Tell how many lines contain the string "column" in the material underneath; the reply is that number and no more.

__Records for this task__.
--- START ---

(* Let $s\in\mathbb{N}$, let $m\ge s-1$ be an integer and put $n=9m$. For arbitrary $w_1,\dots,w_s\in\mathbb{C}$, the shift-invariant subspace $X=X(w_1,\dots,w_s)$ admits a reproducing filter $\varphi^X\in\mathbb{C}_n(\mathbb{Z})$ such that $$\|\mathcal{F}_n[\varphi^X]\|_p\le \frac{\mathsf{c}_\star (18s)^{1/p}}{\sqrt{2n+1}}\quad\text{for all } p\in[1,+\infty],\qquad \mathsf{c}_\star:=2.16\pi^2+6.$$ In particular, $\|\mathcal{F}_n[\varphi^X]\|_\infty\le \frac{\mathsf{c}_\star}{\sqrt{2n+1}}$, $\|\mathcal{F}_n[\varphi^X]\|_2\le\frac{3\mathsf{c}_\star\sqrt{2s}}{\sqrt{2n+1}}$, and $\|\mathcal{F}_n[\varphi^X]\|_1\le\frac{18\mathsf{c}_\star s}{\sqrt{2n+1}}$.
   Context: $\mathbb{C}(\mathbb{Z})$ is the space of two-sided complex sequences $x=(x_t)_{t\in\mathbb{Z}}$; $\mathbb{C}_n(\mathbb{Z})$ is the subspace of sequences with $x_t=0$ for $|t|>n$. The lag operator $\Delta$ acts by $(\Delta x)_t=x_{t-1}$. For $w_1,\dots,w_s\in\mathbb{C}$, $X(w_1,\dots,w_s)$ is the set of all $x\in\mathbb{C}(\mathbb{Z})$ solving $\mathsf{f}(\Delta)x=0$ where $\mathsf{f}(z)=\prod_{k=1}^s(1-w_kz)$ (an $s$-dimensional shift-invariant subspace). Convolution: $(u*v)_t=\sum_{\tau\in\mathbb{Z}}u_\tau v_{t-\tau}$. A filter $\varphi\in\mathbb{C}(\mathbb{Z})$ is reproducing for $X$ if $\varphi*x=x$ for all $x\in X$. With $[n]_\pm=\{-n,\dots,n\}$ and $\chi_{k,n}=\exp(i2\pi k/(2n+1))$, the DFT $\mathcal{F}_n:\mathbb{C}(\mathbb{Z})\to\mathbb{C}^{2n+1}$ (entries indexed $k=0,\dots,2n$) is $(\mathcal{F}_n[u])_k=(2n+1)^{-1/2}\sum_{\tau\in[n]_\pm}\chi_{k,n}^{-\tau}u_\tau$; $\|\cdot\|_p$ is the usual $\ell_p$-norm on $\mathbb{C}^{2n+1}$. *)

theory Defs
  imports "HOL-Analysis.Analysis" "HOL-Computational_Algebra.Polynomial"
begin

type_synonym cseq = "int \<Rightarrow> complex"

definition Cn :: "nat \<Rightarrow> cseq set" where
  "Cn n = {x. \<forall>t. \<bar>t\<bar> > int n \<longrightarrow> x t = 0}"

definition lag :: "cseq \<Rightarrow> cseq" where
  "lag x = (\<lambda>t. x (t - 1))"

definition poly_lag :: "complex poly \<Rightarrow> cseq \<Rightarrow> cseq" where
  "poly_lag f x = (\<lambda>t. \<Sum>j\<le>degree f. coeff f j * (lag ^^ j) x t)"

text \<open>f(z) = prod_{k=1}^s (1 - w_k z); the w_k are indexed by k < s.\<close>
definition fpoly :: "nat \<Rightarrow> (nat \<Rightarrow> complex) \<Rightarrow> complex poly" where
  "fpoly s w = (\<Prod>k<s. [:1, - w k:])"

definition Xsp :: "nat \<Rightarrow> (nat \<Rightarrow> complex) \<Rightarrow> cseq set" where
  "Xsp s w = {x. poly_lag (fpoly s w) x = (\<lambda>_. 0)}"

definition conv :: "cseq \<Rightarrow> cseq \<Rightarrow> cseq" where
  "conv u v = (\<lambda>t. \<Sum>\<^sub>\<infinity>\<tau>\<in>(UNIV::int set). u \<tau> * v (t - \<tau>))"

definition reproducing :: "cseq \<Rightarrow> cseq set \<Rightarrow> bool" where
  "reproducing \<phi> X \<longleftrightarrow> (\<forall>x\<in>X. conv \<phi> x = x)"

definition chi :: "nat \<Rightarrow> nat \<Rightarrow> complex" where
  "chi k n = exp (\<i> * 2 * of_real pi * of_nat k / of_nat (2*n+1))"

text \<open>DFT, entries indexed k = 0..2n.\<close>
definition DFT :: "nat \<Rightarrow> cseq \<Rightarrow> nat \<Rightarrow> complex" where
  "DFT n u k = (\<Sum>\<tau>\<in>{-int n..int n}. chi k n powi (- \<tau>) * u \<tau>) / of_real (sqrt (real (2*n+1)))"

definition pnorm :: "nat \<Rightarrow> real \<Rightarrow> (nat \<Rightarrow> complex) \<Rightarrow> real" where
  "pnorm n p v = (\<Sum>k\<le>2*n. cmod (v k) powr p) powr (1/p)"
lemma dvd_c1_c3_if_reversible_2:
  assumes pr: "prime p" and rev: "reversible p c 2" and c5: "\<not> p dvd c 5"
  shows "p dvd c 1 \<and> p dvd c 3"
proof (rule ccontr)
  assume c13: "\<not> (p dvd c 1 \<and> p dvd c 3)"
  \<comment> \<open>the cross product of the two coefficient rows solves both constraints\<close>
  have cross: "p dvd c 6 * c 1 - c 3 * c 5" "p dvd c 3 * c 4 - c 5 * c 1"
    using reversible_2_linear_constraint[OF pr rev,
        of "c 5 * c 5 - c 6 * c 4" "c 6 * c 1 - c 3 * c 5" "c 3 * c 4 - c 5 * c 1"]
    by (simp_all add: algebra_simps)
  have c3: "\<not> p dvd c 3"
  proof
    assume c3: "p dvd c 3"
    have "c 6 * c 1 = (c 6 * c 1 - c 3 * c 5) + c 3 * c 5" "c 5 * c 1 = c 3 * c 4 - (c 3 * c 4 - c 5 * c 1)"
      by simp_all
    then have "p dvd c 5 * c 1"
      using cross c3 by (metis dvd_diff dvd_mult2)
    then show False
      using c5 c13 c3 pr by (simp add: prime_dvd_mult_iff)
  qed
  have "c 3 * (c 4 * c 6 - c 5 * c 5) = c 6 * (c 3 * c 4 - c 5 * c 1) + c 5 * (c 6 * c 1 - c 3 * c 5)"
    by (simp add: algebra_simps)
  then have "p dvd c 3 * (c 4 * c 6 - c 5 * c 5)"
    using cross by simp
  then have "p dvd c 4 * c 6 - c 5 * c 5"
    using c3 pr by (simp add: prime_dvd_mult_iff)
  then have "p dvd c 5"
    using reversible_2_linear_constraint[OF pr rev, of 0 "c 6" "- c 5"] by (simp add: algebra_simps)
  then show False
    using c5 by contradiction
qed

lemma dvd_c0_if_reversible_3:
  assumes pr: "prime p" and rev: "reversible p c 3"
    and c1: "p dvd c 1" and c3: "p dvd c 3" and c5: "\<not> p dvd c 5"
  shows "p dvd c 0"
proof (rule ccontr)
  assume c0: "\<not> p dvd c 0"
  obtain e0 where e0: "p dvd c 0 * e0 - 1"
    using exists_inverse_mod_prime[OF pr c0] by blast
  obtain e5 where e5: "p dvd c 5 * e5 - 1"
    using exists_inverse_mod_prime[OF pr c5] by blast
  define K where "K = c 5 * c 5 - 2 * c 4 * c 6"
  define b where "b = - c 2 * e0"
  define t where "t = - K * e0 * e5"
  define M where "M = t - (1 + c 6) * (t + c 4)"
  have "fdca_poly c 0 1 (b + c 5) - fdca_poly c 0 (1 + c 6) b = c 3 * ((b + c 5) - (1 + c 6) * b)"
    unfolding fdca_poly_def by algebra
  then have cell0: "p dvd fdca_poly c 0 1 (b + c 5) - fdca_poly c 0 (1 + c 6) b"
    using c3 by simp
  have "fdca_poly c 1 (b + c 5) t - fdca_poly c (1 + c 6) b (t + c 4) =
      c 1 * ((b + c 5) - (1 + c 6) * b) + c 3 * ((b + c 5) * t - b * (t + c 4))
      + (c 0 * e0 - 1) * (- c 2 * M - K * c 5 * e5) - (c 5 * e5 - 1) * K"
    unfolding fdca_poly_def M_def t_def b_def K_def by algebra
  then have cell1: "p dvd fdca_poly c 1 (b + c 5) t - fdca_poly c (1 + c 6) b (t + c 4)"
    using c1 c3 e0 e5 by (simp add: dvd_mult2)
  have "fdca_poly c (b + c 5) t 0 - fdca_poly c b (t + c 4) 0 = c 1 * ((b + c 5) * t - b * (t + c 4))"
    unfolding fdca_poly_def by algebra
  then have cell2: "p dvd fdca_poly c (b + c 5) t 0 - fdca_poly c b (t + c 4) 0"
    using c1 by simp
  have "\<forall>i<3. p dvd [1, b + c 5, t] ! i - [1 + c 6, b, t + c 4] ! i"
    by (rule reversible_collision[OF prime_gt_0_int[OF pr] rev])
       (use cell0 cell1 cell2 in \<open>auto simp: fdca_local_def less_Suc_eq numeral_eq_Suc\<close>)
  then show False
    using c5 by (auto dest: spec[of _ 1])
qed

lemma dvd_c2_or_c6_if_reversible_3:
  assumes pr: "prime p" and rev: "reversible p c 3"
    and c0: "p dvd c 0" and c1: "p dvd c 1" and c3: "p dvd c 3" and c5: "\<not> p dvd c 5"
  shows "p dvd c 2 \<or> p dvd c 6"
proof (rule ccontr)
  assume "\<not> (p dvd c 2 \<or> p dvd c 6)"
  then have c2: "\<not> p dvd c 2" and c6: "\<not> p dvd c 6"
    by auto
  obtain e2 where e2: "p dvd c 2 * e2 - 1"
    using exists_inverse_mod_prime[OF pr c2] by blast
  obtain e6 where e6: "p dvd c 6 * e6 - 1"
    using exists_inverse_mod_prime[OF pr c6] by blast
  define K where "K = c 5 * c 5 - 2 * c 4 * c 6"
  define t where "t = K * e2 * e6"
  have "fdca_poly c 0 (- c 6) (c 5) - fdca_poly c 0 0 0 = c 3 * (- c 6 * c 5)"
    unfolding fdca_poly_def by algebra
  then have cell0: "p dvd fdca_poly c 0 (- c 6) (c 5) - fdca_poly c 0 0 0"
    using c3 by simp
  have "fdca_poly c (- c 6) (c 5) t - fdca_poly c 0 0 (c 4 + t) =
     c 0 * (- c 6 * c 5 * t) + c 1 * (- c 6 * c 5) + c 3 * (c 5 * t)
     - (c 2 * e2 - 1) * (K * c 6 * e6) - (c 6 * e6 - 1) * K"
    unfolding fdca_poly_def t_def K_def by algebra
  then have cell1: "p dvd fdca_poly c (- c 6) (c 5) t - fdca_poly c 0 0 (c 4 + t)"
    using c0 c1 c3 e2 e6 by (simp add: dvd_mult2)
  have "fdca_poly c (c 5) t 0 - fdca_poly c 0 (c 4 + t) 0 = c 1 * (c 5 * t)"
    unfolding fdca_poly_def by algebra
  then have cell2: "p dvd fdca_poly c (c 5) t 0 - fdca_poly c 0 (c 4 + t) 0"
    using c1 by simp
  have "\<forall>i<3. p dvd [- c 6, c 5, t] ! i - [0, 0, c 4 + t] ! i"
    by (rule reversible_collision[OF prime_gt_0_int[OF pr] rev])
       (use cell0 cell1 cell2 in \<open>auto simp: fdca_local_def less_Suc_eq numeral_eq_Suc\<close>)
  then show False
    using c5 by (auto dest: spec[of _ 1])
qed
(* For integers $n>1$ and even $m>3$, $\chi_{ld}(W_m[\overline{K_{n}}])=3$.
   Context: All graphs are finite, simple and undirected. For a graph $G=(V,E)$ of order $N$ without isolated vertices, a bijection $f\colon V\to\{1,2,\dots,N\}$ is a local distance antimagic labeling if $w(u)\neq w(v)$ for every edge $uv$, where $w(u)=\sum_{x\in N(u)}f(x)$ and $N(u)$ is the open neighborhood of $u$. $\chi_{ld}(G)$ is the minimum number of distinct weights over all local distance antimagic labelings of $G$. The wheel $W_m=C_m+K_1$ is the cycle $C_m$ together with a central vertex adjacent to all cycle vertices. $\overline{K_n}$ is the edgeless graph on $n$ vertices. The lexicographic product $G[H]$ has vertex set $V(G)\times V(H)$, with $(g,h)$ adjacent to $(g',h')$ iff $gg'\in E(G)$, or $g=g'$ and $hh'\in E(H)$. *)

theory Defs
  imports Main
begin

text \<open>A finite simple graph is given by a vertex set V and a symmetric,
irreflexive adjacency relation adj (only its restriction to V matters).\<close>

definition nbhd :: "'a set \<Rightarrow> ('a \<Rightarrow> 'a \<Rightarrow> bool) \<Rightarrow> 'a \<Rightarrow> 'a set" where
  "nbhd V adj u = {x \<in> V. adj u x}"

definition vweight :: "'a set \<Rightarrow> ('a \<Rightarrow> 'a \<Rightarrow> bool) \<Rightarrow> ('a \<Rightarrow> nat) \<Rightarrow> 'a \<Rightarrow> nat" where
  "vweight V adj f u = (\<Sum>x\<in>nbhd V adj u. f x)"

definition local_dist_antimagic :: "'a set \<Rightarrow> ('a \<Rightarrow> 'a \<Rightarrow> bool) \<Rightarrow> ('a \<Rightarrow> nat) \<Rightarrow> bool" where
  "local_dist_antimagic V adj f \<longleftrightarrow>
     bij_betw f V {1..card V} \<and>
     (\<forall>u\<in>V. \<forall>v\<in>V. adj u v \<longrightarrow> vweight V adj f u \<noteq> vweight V adj f v)"

definition chi_ld :: "'a set \<Rightarrow> ('a \<Rightarrow> 'a \<Rightarrow> bool) \<Rightarrow> nat" where
  "chi_ld V adj = Min {card (vweight V adj f ` V) | f. local_dist_antimagic V adj f}"

text \<open>Wheel W_m: vertex 0 is the centre, vertices 1..m form the cycle 1-2-...-m-1.\<close>
definition wheel_V :: "nat \<Rightarrow> nat set" where
  "wheel_V m = {0..m}"

definition wheel_adj :: "nat \<Rightarrow> nat \<Rightarrow> nat \<Rightarrow> bool" where
  "wheel_adj m i j \<longleftrightarrow>
     (i = 0 \<and> j \<in> {1..m}) \<or> (j = 0 \<and> i \<in> {1..m}) \<or>
     (i \<in> {1..m} \<and> j \<in> {1..m} \<and> i \<noteq> j \<and> (j = i mod m + 1 \<or> i = j mod m + 1))"

definition empty_V :: "nat \<Rightarrow> nat set" where
  "empty_V n = {0..<n}"

definition empty_adj :: "nat \<Rightarrow> nat \<Rightarrow> bool" where
  "empty_adj i j \<longleftrightarrow> False"

definition lex_V :: "'a set \<Rightarrow> 'b set \<Rightarrow> ('a \<times> 'b) set" where
  "lex_V VG VH = VG \<times> VH"

definition lex_adj :: "('a \<Rightarrow> 'a \<Rightarrow> bool) \<Rightarrow> ('b \<Rightarrow> 'b \<Rightarrow> bool) \<Rightarrow> 'a \<times> 'b \<Rightarrow> 'a \<times> 'b \<Rightarrow> bool" where
  "lex_adj adjG adjH p q \<longleftrightarrow>
     adjG (fst p) (fst q) \<or> (fst p = fst q \<and> adjH (snd p) (snd q))"

end

theory Submission
  imports Defs
begin

(* The weight of a copy of wheel vertex i is the sum, over the wheel neighbours j of i, of the
   column sums R j = \<Sum>b. f (j, b).  If R is constant on the odd and on the even rim vertices,
   with different values, then, m being even, adjacent rim vertices get the distinct weights
   R 0 + 2 R 2 and R 0 + 2 R 1, while the centre gets m/2 (R 1 + R 2), which is larger as soon
   as R 0 < 2 R 1, 2 R 2.  So three weights suffice, and a triangle (the centre and two adjacent
   rim vertices) shows that fewer are impossible.
   Such a labelling gives copy a of every wheel vertex a label from the block
   a (m + 1) + 1 .. (a + 1) (m + 1), permuting the wheel vertices within the block; the column
   sums have the required shape when the blocks pair the identity with a parity-preserving
   reversal, plus one triple of blocks if n is odd. *)

lemma triangle_imp_card_vweight_image_ge_3:
  assumes "local_dist_antimagic V adj f"
    and "u \<in> V" "v \<in> V" "w \<in> V" "adj u v" "adj u w" "adj v w"
  shows "3 \<le> card (vweight V adj f ` V)"
proof -
  let ?w = "vweight V adj f"
  have "finite V"
    using assms(1) unfolding local_dist_antimagic_def
    by (metis bij_betw_finite finite_atLeastAtMost)
  have "?w u \<noteq> ?w v" "?w u \<noteq> ?w w" "?w v \<noteq> ?w w"
    using assms unfolding local_dist_antimagic_def by blast+
  moreover have "card {?w u, ?w v, ?w w} \<le> card (?w ` V)"
    using assms(2-4) \<open>finite V\<close> by (intro card_mono) auto
  ultimately show ?thesis by simp
qed

lemma chi_ld_eqI:
  assumes "finite V" "local_dist_antimagic V adj f" "card (vweight V adj f ` V) = r"
    and "\<And>g. local_dist_antimagic V adj g \<Longrightarrow> r \<le> card (vweight V adj g ` V)"
  shows "chi_ld V adj = r"
proof -
  let ?S = "{card (vweight V adj g ` V) | g. local_dist_antimagic V adj g}"
  have "?S \<subseteq> {..card V}"
    using card_image_le[OF assms(1)] by auto
  then have "finite ?S" by (rule finite_subset) simp
  then show ?thesis
    unfolding chi_ld_def using assms(2-4) by (intro Min_eqI) auto
qed

lemma sum_alternating:
  "(\<Sum>a<2 * q. if even a then x else y) = of_nat q * (x + y :: 'a :: comm_semiring_1)"
  by (induction q) (simp_all add: algebra_simps)

lemma vweight_lex_empty:
  "vweight (lex_V VG (empty_V n)) (lex_adj adjG empty_adj) f (g, h) =
     (\<Sum>g'\<in>nbhd VG adjG g. \<Sum>b<n. f (g', b))"
proof -
  have "nbhd (lex_V VG (empty_V n)) (lex_adj adjG empty_adj) (g, h) = nbhd VG adjG g \<times> {..<n}"
    by (auto simp: nbhd_def lex_V_def lex_adj_def empty_V_def empty_adj_def)
  then show ?thesis
    by (simp add: vweight_def sum.cartesian_product)
qed

abbreviation wheel_lex_V :: "nat \<Rightarrow> nat \<Rightarrow> (nat \<times> nat) set" where
  "wheel_lex_V m n \<equiv> lex_V (wheel_V m) (empty_V n)"

abbreviation wheel_lex_adj :: "nat \<Rightarrow> nat \<times> nat \<Rightarrow> nat \<times> nat \<Rightarrow> bool" where
  "wheel_lex_adj m \<equiv> lex_adj (wheel_adj m) empty_adj"

lemma wheel_lex_V_eq: "wheel_lex_V m n = {0..m} \<times> {..<n}"
  by (auto simp: lex_V_def wheel_V_def empty_V_def)

lemma nbhd_wheel_centre: "nbhd (wheel_V m) (wheel_adj m) 0 = {1..m}"
  by (auto simp: nbhd_def wheel_V_def wheel_adj_def)

lemma nbhd_wheel_rim:
  assumes "m \<ge> 3" "i \<in> {1..m}"
  shows "nbhd (wheel_V m) (wheel_adj m) i =
    {0, if i = 1 then m else i - 1, if i = m then 1 else i + 1}"
proof -
  have mod_rim: "j mod m = (if j = m then 0 else j)" if "j \<in> {1..m}" for j
    using that by auto
  have "j \<in> nbhd (wheel_V m) (wheel_adj m) i \<longleftrightarrow>
      j \<in> {0, if i = 1 then m else i - 1, if i = m then 1 else i + 1}" for j
  proof (cases "j \<in> {1..m}")
    case True
    then show ?thesis
      using assms by (simp add: nbhd_def wheel_V_def wheel_adj_def mod_rim) arith
  next
    case False
    then show ?thesis
      using assms by (auto simp: nbhd_def wheel_V_def wheel_adj_def)
  qed
  then show ?thesis by blast
qed

lemma wheel_adj_rim_parity:
  assumes "even m" "i \<in> {1..m}" "j \<in> {1..m}" "wheel_adj m i j"
  shows "odd i \<longleftrightarrow> even j"
proof -
  have "j = i mod m + 1 \<or> i = j mod m + 1"
    using assms(2-4) by (auto simp: wheel_adj_def)
  then show ?thesis
    using assms(1-3) by (auto simp: mod_if split: if_splits)
qed

definition block_label :: "nat \<Rightarrow> (nat \<Rightarrow> nat \<Rightarrow> nat) \<Rightarrow> nat \<times> nat \<Rightarrow> nat" where
  "block_label m \<sigma> = (\<lambda>(j, a). a * (m + 1) + \<sigma> a j + 1)"

lemma bij_block_label:
  assumes perm: "\<And>a. a < n \<Longrightarrow> bij_betw (\<sigma> a) {0..m} {0..m}"
  shows "bij_betw (block_label m \<sigma>) ({0..m} \<times> {..<n}) {1..(m + 1) * n}"
proof -
  have bound: "\<sigma> a j \<le> m" if "j \<le> m" "a < n" for j a
    using perm[OF \<open>a < n\<close>] \<open>j \<le> m\<close> by (auto dest: bij_betwE)
  have inj: "inj_on (block_label m \<sigma>) ({0..m} \<times> {..<n})"
  proof (rule inj_onI, clarsimp)
    fix j a j' a'
    assume ja: "j \<le> m" "a < n" and ja': "j' \<le> m" "a' < n"
      and "block_label m \<sigma> (j, a) = block_label m \<sigma> (j', a')"
    then have eq: "a * (m + 1) + \<sigma> a j = a' * (m + 1) + \<sigma> a' j'"
      by (simp add: block_label_def)
    have "(a * (m + 1) + \<sigma> a j) div (m + 1) = a"
      "(a' * (m + 1) + \<sigma> a' j') div (m + 1) = a'"
      using div_mult_self3[of "m + 1" a "\<sigma> a j"] div_mult_self3[of "m + 1" a' "\<sigma> a' j'"]
        bound[OF ja] bound[OF ja'] by simp_all
    with eq have "a = a'" "\<sigma> a j = \<sigma> a j'" by simp_all
    moreover have "inj_on (\<sigma> a) {0..m}"
      using perm[OF ja(2)] by (rule bij_betw_imp_inj_on)
    ultimately show "j = j' \<and> a = a'"
      using ja ja' by (auto dest: inj_onD)
  qed
  have "block_label m \<sigma> (j, a) \<in> {1..(m + 1) * n}" if "j \<le> m" "a < n" for j a
  proof -
    have "(a + 1) * (m + 1) \<le> n * (m + 1)"
      using \<open>a < n\<close> by (intro mult_right_mono) auto
    then show ?thesis
      using bound[OF that] by (simp add: block_label_def algebra_simps)
  qed
  then have "block_label m \<sigma> ` ({0..m} \<times> {..<n}) \<subseteq> {1..(m + 1) * n}"
    by auto
  moreover have "card (block_label m \<sigma> ` ({0..m} \<times> {..<n})) = card {1..(m + 1) * n}"
    using card_image[OF inj] by (simp add: card_cartesian_product)
  ultimately show ?thesis
    using inj by (simp add: bij_betw_def card_subset_eq)
qed
(* Let $G$ be a finite simple connected graph with at least two vertices and diameter $D$. The following are equivalent: (1) $G$ is distance degree regular. (2) For every function $g:\{1,\dots,D\}\to\mathbb{R}$ and every $A\subseteq V(G)$ with $|A|>0$, $$E_g(A)-E_g(V(G)\setminus A)=\left(\frac{2|A|}{|V(G)|}-1\right)E_g(V(G)).$$ (3) For every function $g:\{1,\dots,D\}\to\mathbb{R}$, the complement of every minimizer of $E_g$ is a minimizer of $E_g$. (4) There exists a function $g:\{1,\dots,D\}\to\mathbb{R}$ such that $\{g(1),\dots,g(D)\}$ is linearly independent over $\mathbb{Q}$ and the complement of every minimizer of $E_g$ is a minimizer of $E_g$. Moreover, the equivalence remains true if in both (3) and (4) the word "minimizer" is replaced throughout by "local minimizer", or throughout by "maximizer", or throughout by "local maximizer".
   Context: $d(u,v)$ is shortest-path distance in $G$. For $g:\{1,\dots,D\}\to\mathbb{R}$ and $A\subseteq V(G)$, $E_g(A)=\sum_{\{u,v\}\subseteq A,u\ne v}g(d(u,v))$ over unordered pairs ($E_g(A)=0$ if $|A|\le1$). For $F$ a real function on subsets of $V(G)$: $A$ is a minimizer (maximizer) of $F$ if $F(A)$ is the minimum (maximum) of $F(B)$ over all $B\subseteq V(G)$ with $|B|=|A|$. A perturbation of $A$ is a set $(A\setminus\{u\})\cup\{v\}$ with $u\in A$, $v\notin A$ and $uv$ an edge; $A$ is a local minimizer (maximizer) of $F$ if $F(A)$ equals the minimum (maximum) of $F(B)$ over all perturbations $B$ of $A$. The distance vector $\vec D(u)$ of a vertex $u$ is the non-decreasingly sorted tuple of distances from $u$ to all other vertices; $G$ is distance degree regular if $\vec D(u)=\vec D(v)$ for all vertices $u,v$ (equivalently, for each $i$, all vertices have the same number of vertices at distance $i$). *)

theory Defs
  imports Complex_Main "HOL-Library.Multiset"
begin
lemma cube_solved_form:
  "z011 = (f1^2 - z010*z001)/z000" "z101 = (f2^2 - z100*z001)/z000"
  "z110 = (f3^2 - z100*z010)/z000"
  "g1 = (f2*f3 + f1*z100)/z000" "g2 = (f1*f3 + f2*z010)/z000" "g3 = (f1*f2 + f3*z001)/z000"
  "z111 = (2*z100*z010*z001 + z000*(z100*z011 + z010*z101 + z001*z110) + 2*f1*f2*f3)/z000^2"
  using nz f1 f2 f3 g1 g2 g3 kvert_poly_eq_iff[OF nz, of z111 z100 z010 z001 z011 z101 z110 "f1*f2*f3"] kvert
  by (simp_all add: field_simps)

lemma cube_far_faces:
  "g1^2 = z100*z111 + z110*z101"
  "g2^2 = z010*z111 + z110*z011"
  "g3^2 = z001*z111 + z101*z011"
  unfolding cube_solved_form using nz
  by (simp_all add: divide_simps) (simp_all add: algebra_simps power2_eq_square power3_eq_cube)

lemma cube_kvert_values:
  "kvert_poly z001 z101 z011 z000 z010 z100 z111 z110 = - f1 * f2 * g3"
  "kvert_poly z010 z110 z000 z011 z001 z111 z100 z101 = - f1 * g2 * f3"
  "kvert_poly z011 z111 z001 z010 z000 z110 z101 z100 = - f1 * g2 * g3"
  "kvert_poly z100 z000 z110 z101 z111 z001 z010 z011 = - g1 * f2 * f3"
  "kvert_poly z101 z001 z111 z100 z110 z000 z011 z010 = - g1 * f2 * g3"
  "kvert_poly z110 z010 z100 z111 z101 z011 z000 z001 = - g1 * g2 * f3"
  unfolding kvert_poly_def cube_solved_form using nz
  by (simp_all add: divide_simps) (simp_all add: algebra_simps power2_eq_square power3_eq_cube)

lemma cube_kvert_opposite: "kvert_poly z111 z011 z101 z110 z100 z010 z001 z000 = g1 * g2 * g3"
proof -
  have "2 * kvert_poly z111 z011 z101 z110 z100 z010 z001 z000 = 2 * (g1 * g2 * g3)"
    using nz f1 f2 f3 kvert[THEN arg_cong[where f="\<lambda>t. 2 * t"]] g1 g2 g3
    unfolding kvert_poly_double by algebra
  then show ?thesis by simp
qed

end

section \<open>Face polynomials and the K-hexahedron system on the integer lattice\<close>

fun face_x :: "(pt \<Rightarrow> complex) \<Rightarrow> pt \<Rightarrow> complex" where
  "face_x x (a,b,c) = x(a,b,c) * x(a,b+1,c+1) + x(a,b+1,c) * x(a,b,c+1)"

fun face_y :: "(pt \<Rightarrow> complex) \<Rightarrow> pt \<Rightarrow> complex" where
  "face_y x (a,b,c) = x(a,b,c) * x(a+1,b,c+1) + x(a+1,b,c) * x(a,b,c+1)"

fun face_z :: "(pt \<Rightarrow> complex) \<Rightarrow> pt \<Rightarrow> complex" where
  "face_z x (a,b,c) = x(a,b,c) * x(a+1,b+1,c) + x(a+1,b,c) * x(a,b+1,c)"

--- END ---

__Answer section__.
2